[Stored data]
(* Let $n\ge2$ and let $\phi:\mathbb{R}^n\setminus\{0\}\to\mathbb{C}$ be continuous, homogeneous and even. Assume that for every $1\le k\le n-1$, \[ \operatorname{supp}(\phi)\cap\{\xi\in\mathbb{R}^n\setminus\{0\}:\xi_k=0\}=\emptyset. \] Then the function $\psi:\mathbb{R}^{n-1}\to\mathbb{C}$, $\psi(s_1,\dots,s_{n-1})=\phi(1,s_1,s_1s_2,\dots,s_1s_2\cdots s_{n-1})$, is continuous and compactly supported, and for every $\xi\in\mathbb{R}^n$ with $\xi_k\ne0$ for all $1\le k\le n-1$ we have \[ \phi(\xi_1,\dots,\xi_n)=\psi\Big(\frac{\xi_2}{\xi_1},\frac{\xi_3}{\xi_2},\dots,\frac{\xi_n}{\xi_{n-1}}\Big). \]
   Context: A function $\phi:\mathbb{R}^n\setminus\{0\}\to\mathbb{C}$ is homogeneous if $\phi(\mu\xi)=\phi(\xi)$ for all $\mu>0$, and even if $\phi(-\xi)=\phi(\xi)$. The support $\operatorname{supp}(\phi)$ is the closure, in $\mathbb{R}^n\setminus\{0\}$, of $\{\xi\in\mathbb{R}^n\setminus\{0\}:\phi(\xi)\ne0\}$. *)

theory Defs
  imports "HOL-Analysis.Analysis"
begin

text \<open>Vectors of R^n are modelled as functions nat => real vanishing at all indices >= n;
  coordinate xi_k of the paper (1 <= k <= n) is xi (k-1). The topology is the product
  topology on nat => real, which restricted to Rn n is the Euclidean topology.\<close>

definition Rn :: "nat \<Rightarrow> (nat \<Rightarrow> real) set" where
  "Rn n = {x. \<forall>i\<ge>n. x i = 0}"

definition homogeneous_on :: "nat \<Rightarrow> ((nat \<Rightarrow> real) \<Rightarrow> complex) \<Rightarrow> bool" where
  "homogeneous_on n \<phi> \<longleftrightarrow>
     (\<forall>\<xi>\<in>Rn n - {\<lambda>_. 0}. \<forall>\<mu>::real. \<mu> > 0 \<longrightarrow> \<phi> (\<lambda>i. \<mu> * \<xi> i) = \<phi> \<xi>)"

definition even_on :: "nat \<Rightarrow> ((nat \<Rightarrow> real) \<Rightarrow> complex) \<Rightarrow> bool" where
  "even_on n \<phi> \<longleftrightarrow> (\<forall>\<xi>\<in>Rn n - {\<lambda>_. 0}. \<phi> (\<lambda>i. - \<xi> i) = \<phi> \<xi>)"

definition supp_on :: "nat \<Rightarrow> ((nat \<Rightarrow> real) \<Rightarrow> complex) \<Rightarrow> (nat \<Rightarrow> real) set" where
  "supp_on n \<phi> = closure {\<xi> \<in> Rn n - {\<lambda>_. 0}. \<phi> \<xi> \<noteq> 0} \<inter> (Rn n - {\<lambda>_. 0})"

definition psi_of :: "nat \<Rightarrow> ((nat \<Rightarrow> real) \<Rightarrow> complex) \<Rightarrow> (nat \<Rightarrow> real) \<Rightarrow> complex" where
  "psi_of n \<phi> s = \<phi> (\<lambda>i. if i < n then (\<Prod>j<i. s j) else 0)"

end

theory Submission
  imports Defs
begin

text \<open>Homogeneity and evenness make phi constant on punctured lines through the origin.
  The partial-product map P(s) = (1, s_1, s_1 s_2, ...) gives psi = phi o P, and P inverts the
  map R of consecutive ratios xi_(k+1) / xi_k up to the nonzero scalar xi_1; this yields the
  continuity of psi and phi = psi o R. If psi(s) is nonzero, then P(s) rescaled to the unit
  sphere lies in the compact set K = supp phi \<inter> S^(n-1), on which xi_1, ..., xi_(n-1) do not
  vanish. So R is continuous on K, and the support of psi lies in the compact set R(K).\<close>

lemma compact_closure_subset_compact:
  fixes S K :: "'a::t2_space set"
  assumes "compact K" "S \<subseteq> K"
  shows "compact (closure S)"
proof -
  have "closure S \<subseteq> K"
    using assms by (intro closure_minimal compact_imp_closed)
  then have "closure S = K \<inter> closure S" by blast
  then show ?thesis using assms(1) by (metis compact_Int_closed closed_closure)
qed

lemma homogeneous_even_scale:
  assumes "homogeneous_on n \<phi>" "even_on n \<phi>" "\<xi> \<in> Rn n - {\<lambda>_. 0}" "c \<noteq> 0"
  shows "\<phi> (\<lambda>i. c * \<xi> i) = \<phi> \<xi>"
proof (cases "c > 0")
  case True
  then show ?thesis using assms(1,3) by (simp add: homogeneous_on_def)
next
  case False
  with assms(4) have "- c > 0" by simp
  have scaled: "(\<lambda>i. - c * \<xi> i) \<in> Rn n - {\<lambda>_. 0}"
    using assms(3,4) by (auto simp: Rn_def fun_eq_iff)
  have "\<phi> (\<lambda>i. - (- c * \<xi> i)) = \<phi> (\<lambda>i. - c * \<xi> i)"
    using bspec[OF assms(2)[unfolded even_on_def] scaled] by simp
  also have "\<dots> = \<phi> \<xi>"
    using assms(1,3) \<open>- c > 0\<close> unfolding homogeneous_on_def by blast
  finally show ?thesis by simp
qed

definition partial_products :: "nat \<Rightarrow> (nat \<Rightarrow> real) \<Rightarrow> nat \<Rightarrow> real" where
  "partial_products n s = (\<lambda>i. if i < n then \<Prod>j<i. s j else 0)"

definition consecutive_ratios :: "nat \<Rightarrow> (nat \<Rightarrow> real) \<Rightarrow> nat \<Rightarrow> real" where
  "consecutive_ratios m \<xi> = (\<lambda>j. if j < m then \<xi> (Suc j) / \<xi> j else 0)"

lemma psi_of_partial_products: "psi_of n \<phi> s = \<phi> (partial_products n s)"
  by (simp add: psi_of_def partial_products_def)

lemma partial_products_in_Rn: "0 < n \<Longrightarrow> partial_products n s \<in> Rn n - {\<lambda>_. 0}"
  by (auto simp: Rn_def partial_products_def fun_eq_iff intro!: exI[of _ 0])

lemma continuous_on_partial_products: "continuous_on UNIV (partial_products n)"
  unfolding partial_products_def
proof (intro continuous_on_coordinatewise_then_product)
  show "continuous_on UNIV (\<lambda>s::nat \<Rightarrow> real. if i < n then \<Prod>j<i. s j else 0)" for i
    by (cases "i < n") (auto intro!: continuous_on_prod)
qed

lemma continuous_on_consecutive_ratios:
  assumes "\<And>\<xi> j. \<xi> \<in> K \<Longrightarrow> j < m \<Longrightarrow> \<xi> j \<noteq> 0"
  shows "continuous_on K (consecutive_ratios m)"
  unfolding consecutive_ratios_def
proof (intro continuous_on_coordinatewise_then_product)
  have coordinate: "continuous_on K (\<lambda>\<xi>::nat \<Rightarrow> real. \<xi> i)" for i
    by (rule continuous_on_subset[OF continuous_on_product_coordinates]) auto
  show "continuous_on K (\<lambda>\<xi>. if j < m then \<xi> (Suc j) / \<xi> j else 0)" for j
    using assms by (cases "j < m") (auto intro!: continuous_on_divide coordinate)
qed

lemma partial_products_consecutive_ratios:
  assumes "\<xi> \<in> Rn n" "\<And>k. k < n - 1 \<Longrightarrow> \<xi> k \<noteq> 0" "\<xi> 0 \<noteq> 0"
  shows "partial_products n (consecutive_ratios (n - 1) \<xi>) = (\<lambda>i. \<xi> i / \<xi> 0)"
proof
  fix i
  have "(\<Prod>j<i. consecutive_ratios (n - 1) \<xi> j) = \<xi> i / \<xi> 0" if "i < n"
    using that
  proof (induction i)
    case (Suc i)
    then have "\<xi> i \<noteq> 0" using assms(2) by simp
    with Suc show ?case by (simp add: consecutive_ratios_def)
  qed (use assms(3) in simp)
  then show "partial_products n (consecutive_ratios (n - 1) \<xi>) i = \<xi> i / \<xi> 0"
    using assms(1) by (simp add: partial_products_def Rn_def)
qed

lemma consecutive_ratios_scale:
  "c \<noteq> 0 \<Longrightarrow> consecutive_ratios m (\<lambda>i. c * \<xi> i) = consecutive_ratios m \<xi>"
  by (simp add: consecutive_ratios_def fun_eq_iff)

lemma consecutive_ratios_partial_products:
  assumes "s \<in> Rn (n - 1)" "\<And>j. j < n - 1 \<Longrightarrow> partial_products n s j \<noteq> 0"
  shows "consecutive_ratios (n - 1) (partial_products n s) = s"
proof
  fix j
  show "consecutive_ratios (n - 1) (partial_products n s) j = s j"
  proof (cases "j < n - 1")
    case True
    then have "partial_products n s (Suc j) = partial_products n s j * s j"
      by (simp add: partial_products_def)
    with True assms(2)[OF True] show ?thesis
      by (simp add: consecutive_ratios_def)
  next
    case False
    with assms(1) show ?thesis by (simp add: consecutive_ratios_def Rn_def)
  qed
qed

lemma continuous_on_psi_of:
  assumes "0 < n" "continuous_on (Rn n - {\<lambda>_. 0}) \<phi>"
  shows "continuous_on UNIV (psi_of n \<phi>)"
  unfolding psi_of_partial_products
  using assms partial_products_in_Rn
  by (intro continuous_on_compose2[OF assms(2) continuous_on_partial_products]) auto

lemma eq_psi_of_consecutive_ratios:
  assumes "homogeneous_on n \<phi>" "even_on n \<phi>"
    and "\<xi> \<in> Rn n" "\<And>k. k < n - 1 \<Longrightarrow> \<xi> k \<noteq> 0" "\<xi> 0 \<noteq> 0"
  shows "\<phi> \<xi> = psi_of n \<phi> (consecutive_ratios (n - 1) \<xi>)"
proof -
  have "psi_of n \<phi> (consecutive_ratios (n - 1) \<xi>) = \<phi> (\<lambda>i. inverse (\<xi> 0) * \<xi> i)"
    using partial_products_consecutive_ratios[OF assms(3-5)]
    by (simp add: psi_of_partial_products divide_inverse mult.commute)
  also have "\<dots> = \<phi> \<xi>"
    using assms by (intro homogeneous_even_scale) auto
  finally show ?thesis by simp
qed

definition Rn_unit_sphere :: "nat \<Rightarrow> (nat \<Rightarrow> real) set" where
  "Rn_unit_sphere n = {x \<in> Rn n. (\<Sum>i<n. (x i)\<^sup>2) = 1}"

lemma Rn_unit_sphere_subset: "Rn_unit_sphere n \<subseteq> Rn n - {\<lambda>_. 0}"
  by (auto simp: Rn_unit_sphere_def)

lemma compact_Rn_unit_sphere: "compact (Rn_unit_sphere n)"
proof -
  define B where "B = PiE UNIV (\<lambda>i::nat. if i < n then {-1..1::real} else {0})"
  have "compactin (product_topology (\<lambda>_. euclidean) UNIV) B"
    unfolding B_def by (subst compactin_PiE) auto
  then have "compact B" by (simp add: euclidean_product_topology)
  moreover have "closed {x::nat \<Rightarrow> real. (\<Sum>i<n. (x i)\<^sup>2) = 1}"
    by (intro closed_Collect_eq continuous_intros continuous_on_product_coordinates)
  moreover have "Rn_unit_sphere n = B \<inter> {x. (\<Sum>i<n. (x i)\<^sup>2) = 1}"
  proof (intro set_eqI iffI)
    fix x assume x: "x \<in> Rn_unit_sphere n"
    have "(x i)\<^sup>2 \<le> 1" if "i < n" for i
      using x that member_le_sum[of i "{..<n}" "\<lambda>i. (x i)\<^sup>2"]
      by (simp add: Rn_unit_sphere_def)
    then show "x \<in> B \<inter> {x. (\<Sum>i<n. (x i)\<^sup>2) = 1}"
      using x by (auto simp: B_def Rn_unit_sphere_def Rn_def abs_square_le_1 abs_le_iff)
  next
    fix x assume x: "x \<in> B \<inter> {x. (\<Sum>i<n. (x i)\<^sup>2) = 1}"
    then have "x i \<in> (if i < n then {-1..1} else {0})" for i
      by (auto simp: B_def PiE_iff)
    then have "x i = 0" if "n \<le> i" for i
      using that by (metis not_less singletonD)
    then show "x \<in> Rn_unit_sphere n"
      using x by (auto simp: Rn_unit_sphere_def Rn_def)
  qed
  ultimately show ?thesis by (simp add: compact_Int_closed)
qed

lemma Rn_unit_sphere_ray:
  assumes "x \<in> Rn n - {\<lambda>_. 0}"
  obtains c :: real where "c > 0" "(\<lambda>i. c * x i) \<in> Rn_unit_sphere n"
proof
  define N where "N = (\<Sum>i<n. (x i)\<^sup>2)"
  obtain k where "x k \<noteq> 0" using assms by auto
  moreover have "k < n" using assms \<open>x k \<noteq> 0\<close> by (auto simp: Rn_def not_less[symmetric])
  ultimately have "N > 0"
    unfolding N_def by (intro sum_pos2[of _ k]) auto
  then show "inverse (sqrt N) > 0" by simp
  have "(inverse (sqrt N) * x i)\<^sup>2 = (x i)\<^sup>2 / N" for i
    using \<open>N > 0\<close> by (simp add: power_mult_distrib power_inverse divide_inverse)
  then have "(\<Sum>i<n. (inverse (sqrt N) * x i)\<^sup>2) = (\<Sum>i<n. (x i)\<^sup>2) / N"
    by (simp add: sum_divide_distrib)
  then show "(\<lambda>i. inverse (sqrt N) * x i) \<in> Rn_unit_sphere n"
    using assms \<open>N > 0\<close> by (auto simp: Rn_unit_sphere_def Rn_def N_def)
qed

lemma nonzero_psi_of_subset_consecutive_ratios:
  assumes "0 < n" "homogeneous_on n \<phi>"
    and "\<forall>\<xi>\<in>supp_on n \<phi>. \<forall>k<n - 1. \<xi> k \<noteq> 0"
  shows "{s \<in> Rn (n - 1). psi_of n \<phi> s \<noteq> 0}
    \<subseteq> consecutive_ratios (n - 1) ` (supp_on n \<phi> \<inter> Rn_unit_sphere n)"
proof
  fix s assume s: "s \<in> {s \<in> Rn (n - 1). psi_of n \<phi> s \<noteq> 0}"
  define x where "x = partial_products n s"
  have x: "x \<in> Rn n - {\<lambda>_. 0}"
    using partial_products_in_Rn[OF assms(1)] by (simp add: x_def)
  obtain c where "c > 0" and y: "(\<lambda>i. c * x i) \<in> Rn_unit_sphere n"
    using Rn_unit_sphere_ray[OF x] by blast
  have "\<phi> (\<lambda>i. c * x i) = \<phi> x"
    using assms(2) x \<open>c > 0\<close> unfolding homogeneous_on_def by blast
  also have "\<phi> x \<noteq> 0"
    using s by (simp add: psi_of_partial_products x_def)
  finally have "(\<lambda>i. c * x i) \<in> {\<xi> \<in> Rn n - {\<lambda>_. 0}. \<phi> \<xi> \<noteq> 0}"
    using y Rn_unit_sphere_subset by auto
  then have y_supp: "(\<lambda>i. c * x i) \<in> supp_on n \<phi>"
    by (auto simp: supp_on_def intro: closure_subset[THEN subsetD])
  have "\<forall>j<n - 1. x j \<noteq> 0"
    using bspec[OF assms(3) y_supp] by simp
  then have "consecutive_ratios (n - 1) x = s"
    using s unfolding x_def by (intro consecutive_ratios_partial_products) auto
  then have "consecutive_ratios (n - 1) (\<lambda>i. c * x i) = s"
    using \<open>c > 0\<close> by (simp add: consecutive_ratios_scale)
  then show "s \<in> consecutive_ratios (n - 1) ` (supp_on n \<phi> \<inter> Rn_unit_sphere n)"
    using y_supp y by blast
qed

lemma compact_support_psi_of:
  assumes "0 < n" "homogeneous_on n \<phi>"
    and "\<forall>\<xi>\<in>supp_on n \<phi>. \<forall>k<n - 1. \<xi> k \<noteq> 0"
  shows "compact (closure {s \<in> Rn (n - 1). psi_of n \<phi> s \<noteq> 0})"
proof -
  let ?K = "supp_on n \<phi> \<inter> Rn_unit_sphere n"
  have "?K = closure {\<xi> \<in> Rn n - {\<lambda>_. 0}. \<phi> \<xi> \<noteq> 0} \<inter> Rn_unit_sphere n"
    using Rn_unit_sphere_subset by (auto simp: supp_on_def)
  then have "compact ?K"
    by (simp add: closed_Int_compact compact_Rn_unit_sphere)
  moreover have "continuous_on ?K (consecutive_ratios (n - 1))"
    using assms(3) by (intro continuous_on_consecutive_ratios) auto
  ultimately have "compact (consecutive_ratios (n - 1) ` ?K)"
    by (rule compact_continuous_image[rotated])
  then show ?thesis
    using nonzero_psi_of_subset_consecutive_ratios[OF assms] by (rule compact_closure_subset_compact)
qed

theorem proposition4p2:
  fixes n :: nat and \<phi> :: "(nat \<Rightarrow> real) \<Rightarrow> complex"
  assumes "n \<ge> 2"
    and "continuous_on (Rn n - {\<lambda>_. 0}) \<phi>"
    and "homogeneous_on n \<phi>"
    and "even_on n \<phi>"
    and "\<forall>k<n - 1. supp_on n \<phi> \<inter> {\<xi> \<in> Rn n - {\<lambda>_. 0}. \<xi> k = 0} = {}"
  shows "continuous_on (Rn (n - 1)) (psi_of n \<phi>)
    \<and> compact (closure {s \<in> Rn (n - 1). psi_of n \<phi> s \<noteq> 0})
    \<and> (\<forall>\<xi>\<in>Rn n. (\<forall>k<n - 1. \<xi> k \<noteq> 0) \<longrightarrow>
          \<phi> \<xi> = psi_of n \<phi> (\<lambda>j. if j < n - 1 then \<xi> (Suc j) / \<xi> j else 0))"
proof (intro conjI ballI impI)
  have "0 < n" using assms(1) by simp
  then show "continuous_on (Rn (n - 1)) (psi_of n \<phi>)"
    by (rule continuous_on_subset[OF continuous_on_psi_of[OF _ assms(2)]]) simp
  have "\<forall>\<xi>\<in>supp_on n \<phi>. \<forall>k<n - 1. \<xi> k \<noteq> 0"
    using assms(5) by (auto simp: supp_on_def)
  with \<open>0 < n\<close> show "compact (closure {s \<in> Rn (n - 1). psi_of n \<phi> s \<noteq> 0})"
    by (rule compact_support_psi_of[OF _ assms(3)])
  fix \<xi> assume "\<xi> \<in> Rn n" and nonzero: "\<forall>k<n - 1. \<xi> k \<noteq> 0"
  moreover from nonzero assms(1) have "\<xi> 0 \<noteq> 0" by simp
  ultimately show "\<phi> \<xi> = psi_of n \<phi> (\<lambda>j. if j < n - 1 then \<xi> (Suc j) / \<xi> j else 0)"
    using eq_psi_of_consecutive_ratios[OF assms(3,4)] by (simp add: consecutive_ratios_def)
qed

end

Work order: Where a line above contains the word "define", copy that line.

Expected output:
  define B where "B = PiE UNIV (\<lambda>i::nat. if i < n then {-1..1::real} else {0})"
  define N where "N = (\<Sum>i<n. (x i)\<^sup>2)"
  define x where "x = partial_products n s"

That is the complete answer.